WHAT IS REQUIRED ▸ Return, word for word, only the lines from the one containing "real. (\<And>x. blinfun_apply" through the last line of the entries.

SUPPLIED ENTRIES ▸
lemma dual_rep_add:
    "dual_rep D nd \<beta> b \<Longrightarrow> a \<in> D \<Longrightarrow> a' \<in> D \<Longrightarrow> b (\<lambda>j. a j + a' j) = b a + b a'"
  and dual_rep_scale: "dual_rep D nd \<beta> b \<Longrightarrow> a \<in> D \<Longrightarrow> b (\<lambda>j. c * a j) = c * b a"
  and dual_rep_unitv: "dual_rep D nd \<beta> b \<Longrightarrow> b (unitv n) = \<beta> n"
  by (simp_all add: dual_rep_def)

lemma dual_rep_bounded:
  assumes "dual_rep D nd \<beta> b"
  obtains K where "K \<ge> 0" "\<And>a. a \<in> D \<Longrightarrow> \<bar>b a\<bar> \<le> K * nd a"
proof -
  obtain K where "\<forall>a\<in>D. \<bar>b a\<bar> \<le> K * nd a" using assms by (auto simp: dual_rep_def)
  then have "\<bar>b a\<bar> \<le> max K 0 * nd a" if "a \<in> D" for a
    using that nd_nonneg by (metis max.cobounded1 mult_right_mono order_trans)
  then show ?thesis using that[of "max K 0"] by simp
qed

lemma dual_rep_diff:
  "dual_rep D nd \<beta> b \<Longrightarrow> a \<in> D \<Longrightarrow> a' \<in> D \<Longrightarrow> b (\<lambda>j. a j - a' j) = b a - b a'"
  using dual_rep_add[of \<beta> b a "\<lambda>j. (- 1) * a' j"] dual_rep_scale[of \<beta> b a' "- 1"] scale_mem[of a' "- 1"]
  by simp

lemma dual_rep_psum: "dual_rep D nd \<beta> b \<Longrightarrow> b (psum c N) = (\<Sum>n<N. c n * \<beta> n)"
proof (induction N)
  case 0
  then show ?case using dual_rep_scale[OF 0 zero_mem, of 0] by (simp add: psum_def)
next
  case (Suc N)
  have "psum c (Suc N) = (\<lambda>j. psum c N j + c N * unitv N j)" by (simp add: psum_def)
  then show ?case
    using Suc dual_rep_add[OF Suc.prems psum_mem scale_mem[OF unitv_mem]]
      dual_rep_scale[OF Suc.prems unitv_mem] dual_rep_unitv[OF Suc.prems] by simp
qed

lemma dual_rep_sums:
  assumes b: "dual_rep D nd \<beta> b" and a: "a \<in> D"
  shows "(\<lambda>n. a n * \<beta> n) sums b a"
proof -
  obtain K where K: "\<And>a. a \<in> D \<Longrightarrow> \<bar>b a\<bar> \<le> K * nd a" using dual_rep_bounded[OF b] by blast
  have bound: "norm (b a - (\<Sum>n<N. a n * \<beta> n)) \<le> K * nd (\<lambda>j. a j - psum a N j)" for N
  proof -
    have "b (\<lambda>j. a j - psum a N j) = b a - (\<Sum>n<N. a n * \<beta> n)"
      by (simp only: dual_rep_diff[OF b a psum_mem] dual_rep_psum[OF b])
    then show ?thesis using K[OF diff_mem[OF a psum_mem[of a N]]] by simp
  qed
  have "(\<lambda>N. K * nd (\<lambda>j. a j - psum a N j)) \<longlonglongrightarrow> 0"
    using tendsto_mult_right_zero[OF psum_tendsto[OF a]] .
  with always_eventually[OF allI[OF bound]]
  have "(\<lambda>N. b a - (\<Sum>n<N. a n * \<beta> n)) \<longlonglongrightarrow> 0"
    by (rule Lim_null_comparison)
  from tendsto_diff[OF tendsto_const[of "b a"] this] show ?thesis by (simp add: sums_def)
qed

lemma dual_rep_unique: "dual_rep D nd \<beta> b \<Longrightarrow> dual_rep D nd \<beta> b' \<Longrightarrow> a \<in> D \<Longrightarrow> b a = b' a"
  by (metis dual_rep_sums sums_unique2)

lemma abs_dual_rep_le_opnorm:
  assumes b: "dual_rep D nd \<beta> b" and a: "a \<in> D"
  shows "\<bar>b a\<bar> \<le> dual_opnorm D nd b * nd a"
proof -
  let ?S = "{\<bar>b a\<bar> | a. a \<in> D \<and> nd a \<le> 1}"
  obtain K where K: "K \<ge> 0" "\<And>a. a \<in> D \<Longrightarrow> \<bar>b a\<bar> \<le> K * nd a" using dual_rep_bounded[OF b] by blast
  have bdd: "bdd_above ?S"
    by (rule bdd_aboveI[where M = K]) (use K in \<open>auto intro: order_trans mult_left_le\<close>)
  show ?thesis
  proof (cases "nd a = 0")
    case True
    then show ?thesis
      using nd_eq_0_iff[OF a] dual_rep_scale[OF b zero_mem, of 0] by simp
  next
    case False
    then have pos: "nd a > 0" using nd_nonneg[OF a] by simp
    have "nd (\<lambda>j. (1 / nd a) * a j) = 1" using nd_scale[OF a, of "1 / nd a"] pos by simp
    then have "\<bar>b (\<lambda>j. (1 / nd a) * a j)\<bar> \<le> Sup ?S"
      using scale_mem[OF a, of "1 / nd a"] by (intro cSup_upper[OF _ bdd]) force
    then have "nd a * \<bar>b (\<lambda>j. (1 / nd a) * a j)\<bar> \<le> nd a * Sup ?S"
      using pos by (intro mult_left_mono) auto
    moreover have "nd a * \<bar>b (\<lambda>j. (1 / nd a) * a j)\<bar> = \<bar>b a\<bar>"
      using dual_rep_scale[OF b a, of "1 / nd a"] pos by (simp add: abs_mult)
    ultimately show ?thesis by (simp add: dual_opnorm_def mult.commute)
  qed
qed

lemma dual_norm_eq_opnorm:
  assumes b: "dual_rep D nd \<beta> b"
  shows "dual_norm D nd \<beta> = dual_opnorm D nd b"
proof -
  have "dual_rep D nd \<beta> (SOME b. dual_rep D nd \<beta> b)" using b by (rule someI[of "dual_rep D nd \<beta>"])
  then have "a \<in> D \<Longrightarrow> (SOME b. dual_rep D nd \<beta> b) a = b a" for a
    using b by (rule dual_rep_unique)
  then have "{\<bar>(SOME b. dual_rep D nd \<beta> b) a\<bar> | a. a \<in> D \<and> nd a \<le> 1}
      = {\<bar>b a\<bar> | a. a \<in> D \<and> nd a \<le> 1}"
    by (metis (no_types, lifting))
  then show ?thesis unfolding dual_norm_def dual_opnorm_def by simp
qed

lemma abs_dual_rep_le: "dual_rep D nd \<beta> b \<Longrightarrow> a \<in> D \<Longrightarrow> \<bar>b a\<bar> \<le> dual_norm D nd \<beta> * nd a"
  using abs_dual_rep_le_opnorm dual_norm_eq_opnorm by simp

lemma dual_norm_nonneg:
  assumes b: "dual_rep D nd \<beta> b"
  shows "0 \<le> dual_norm D nd \<beta>"
proof -
  have "unitv 0 \<noteq> (\<lambda>j. 0)" by (auto simp: unitv_def fun_eq_iff)
  then have "nd (unitv 0) > 0"
    using nd_nonneg[OF unitv_mem] nd_eq_0_iff[OF unitv_mem] by (simp add: less_le)
  moreover have "0 \<le> dual_norm D nd \<beta> * nd (unitv 0)"
    using abs_dual_rep_le[OF b unitv_mem, of 0] by (rule order_trans[OF abs_ge_zero])
  ultimately show ?thesis by (simp add: zero_le_mult_iff)
qed

lemma coordinate_bounded: "\<exists>K. \<forall>a\<in>D. \<bar>a n\<bar> \<le> K * nd a"
proof -
  obtain e where e: "dual_rep D nd (unitv n) e"
    using dual_basis by (auto simp: dual_basis_def in_dual_def)
  obtain K where K: "\<And>a. a \<in> D \<Longrightarrow> \<bar>e a\<bar> \<le> K * nd a" using dual_rep_bounded[OF e] by blast
  have "e a = a n" if "a \<in> D" for a
  proof -
    have "(\<lambda>m. a m * unitv n m) sums a n"
      using sums_single[of n a] by (simp add: unitv_def if_distrib cong: if_cong)
    then show ?thesis using dual_rep_sums[OF e that] sums_unique2 by blast
  qed
  then show ?thesis using K by metis
qed

lemma dual_rep_tail:
  assumes b: "dual_rep D nd \<beta> b"
  shows "dual_rep D nd (\<lambda>j. \<beta> j - psum \<beta> N j) (\<lambda>a. b a - (\<Sum>n<N. \<beta> n * a n))"
proof -
  obtain C where C: "\<And>n a. a \<in> D \<Longrightarrow> \<bar>a n\<bar> \<le> C n * nd a"
    using coordinate_bounded by metis
  obtain K where K: "\<And>a. a \<in> D \<Longrightarrow> \<bar>b a\<bar> \<le> K * nd a" using dual_rep_bounded[OF b] by blast
  have bound: "\<bar>b a - (\<Sum>n<N. \<beta> n * a n)\<bar> \<le> (K + (\<Sum>n<N. \<bar>\<beta> n\<bar> * C n)) * nd a"
    if a: "a \<in> D" for a
  proof -
    have "\<bar>b a - (\<Sum>n<N. \<beta> n * a n)\<bar> \<le> \<bar>b a\<bar> + (\<Sum>n<N. \<bar>\<beta> n\<bar> * \<bar>a n\<bar>)"
      by (rule order_trans[OF abs_triangle_ineq4]) (auto intro: order_trans[OF sum_abs] simp: abs_mult)
    also have "\<dots> \<le> K * nd a + (\<Sum>n<N. \<bar>\<beta> n\<bar> * (C n * nd a))"
      using K[OF a] C[OF a] by (intro add_mono sum_mono mult_left_mono) auto
    finally show ?thesis by (simp add: algebra_simps sum_distrib_left)
  qed
  show ?thesis
    unfolding dual_rep_def
  proof (intro conjI ballI allI)
    fix a a' assume "a \<in> D" "a' \<in> D"
    then show "b (\<lambda>j. a j + a' j) - (\<Sum>n<N. \<beta> n * (a n + a' n))
        = b a - (\<Sum>n<N. \<beta> n * a n) + (b a' - (\<Sum>n<N. \<beta> n * a' n))"
      using dual_rep_add[OF b] by (simp add: algebra_simps sum.distrib)
  next
    fix c a assume "a \<in> D"
    then show "b (\<lambda>j. c * a j) - (\<Sum>n<N. \<beta> n * (c * a n)) = c * (b a - (\<Sum>n<N. \<beta> n * a n))"
      using dual_rep_scale[OF b] by (simp add: algebra_simps sum_distrib_left)
  next
    show "\<exists>K. \<forall>a\<in>D. \<bar>b a - (\<Sum>n<N. \<beta> n * a n)\<bar> \<le> K * nd a"
      using bound by blast
  next
    fix m
    have "(\<Sum>n<N. \<beta> n * unitv m n) = psum \<beta> N m"
      unfolding psum_def unitv_def by (rule sum.cong) auto
    then show "b (unitv m) - (\<Sum>n<N. \<beta> n * unitv m n) = \<beta> m - psum \<beta> N m"
      using dual_rep_unitv[OF b] by simp
  qed
qed

end

section \<open>Frames, co-frames and the operators \<open>S\<close> and \<open>V\<close>\<close>

lemma frame_if_coeffs_transform:
  fixes ys ws :: "nat \<Rightarrow> ('a::banach \<Rightarrow>\<^sub>L real)" and T :: "'a \<Rightarrow> 'a"
  assumes "frame D nd ys"
    and coeffs: "\<And>n x. blinfun_apply (ws n) x = blinfun_apply (ys n) (T x)"
    and "K > 0" "\<And>x. norm x \<le> K * norm (T x)"
    and "C > 0" "\<And>x. norm (T x) \<le> C * norm x"
  shows "frame D nd ws"
proof -
  obtain A B where AB: "A > 0" "B > 0"
    and ys: "\<And>x. (\<lambda>n. blinfun_apply (ys n) x) \<in> D
      \<and> A * norm x \<le> nd (\<lambda>n. blinfun_apply (ys n) x)
      \<and> nd (\<lambda>n. blinfun_apply (ys n) x) \<le> B * norm x"
    using assms(1) unfolding frame_def by blast
  have "(\<lambda>n. blinfun_apply (ws n) x) \<in> D
      \<and> A / K * norm x \<le> nd (\<lambda>n. blinfun_apply (ws n) x)
      \<and> nd (\<lambda>n. blinfun_apply (ws n) x) \<le> B * C * norm x" for x
  proof -
    have "A / K * norm x \<le> A * norm (T x)"
      using assms(4)[of x] \<open>K > 0\<close> AB(1) by (simp add: field_simps)
    moreover have "B * norm (T x) \<le> B * C * norm x"
      using assms(6)[of x] AB(2) by (simp add: mult.assoc)
    ultimately show ?thesis
      using ys[of "T x"] unfolding coeffs by auto
  qed
  then show ?thesis
    unfolding frame_def using AB \<open>K > 0\<close> \<open>C > 0\<close>
    by (intro exI[of _ "A / K"] exI[of _ "B * C"]) simp
qed

lemma surj_if_bounded_below_and_dense:
  fixes f :: "'a::banach \<Rightarrow> 'b::real_normed_vector"
  assumes f: "bounded_linear f" and "C > 0" "\<And>x. norm x \<le> C * norm (f x)"
    and dense: "\<And>F :: 'b \<Rightarrow>\<^sub>L real. (\<And>x. blinfun_apply F (f x) = 0) \<Longrightarrow> F = 0"
  shows "surj f"
proof (rule ccontr)
  assume "\<not> surj f"
  then obtain z where z: "z \<notin> range f" by blast
  have "complete (range f)"
  proof (rule complete_isometric_image[OF _ subspace_UNIV f _ complete_UNIV])
    show "0 < 1 / C" using \<open>C > 0\<close> by simp
    show "\<forall>x\<in>UNIV. 1 / C * norm x \<le> norm (f x)"
      using assms(3) \<open>C > 0\<close> by (simp add: field_simps mult.commute)
  qed
  then have "closed (range f)" by (rule complete_imp_closed)
  moreover have "subspace (range f)"
    using f by (intro linear_subspace_image bounded_linear.linear subspace_UNIV)
  ultimately obtain F :: "'b \<Rightarrow>\<^sub>L real" where "\<And>m. m \<in> range f \<Longrightarrow> F m = 0" "F z \<noteq> 0"
    using exists_separating_functional z by blast
  then show False using dense by force
qed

WRITTEN RESPONSE ▸
    and dense: "\<And>F :: 'b \<Rightarrow>\<^sub>L real. (\<And>x. blinfun_apply F (f x) = 0) \<Longrightarrow> F = 0"
  shows "surj f"
proof (rule ccontr)
  assume "\<not> surj f"
  then obtain z where z: "z \<notin> range f" by blast
  have "complete (range f)"
  proof (rule complete_isometric_image[OF _ subspace_UNIV f _ complete_UNIV])
    show "0 < 1 / C" using \<open>C > 0\<close> by simp
    show "\<forall>x\<in>UNIV. 1 / C * norm x \<le> norm (f x)"
      using assms(3) \<open>C > 0\<close> by (simp add: field_simps mult.commute)
  qed
  then have "closed (range f)" by (rule complete_imp_closed)
  moreover have "subspace (range f)"
    using f by (intro linear_subspace_image bounded_linear.linear subspace_UNIV)
  ultimately obtain F :: "'b \<Rightarrow>\<^sub>L real" where "\<And>m. m \<in> range f \<Longrightarrow> F m = 0" "F z \<noteq> 0"
    using exists_separating_functional z by blast
  then show False using dense by force
qed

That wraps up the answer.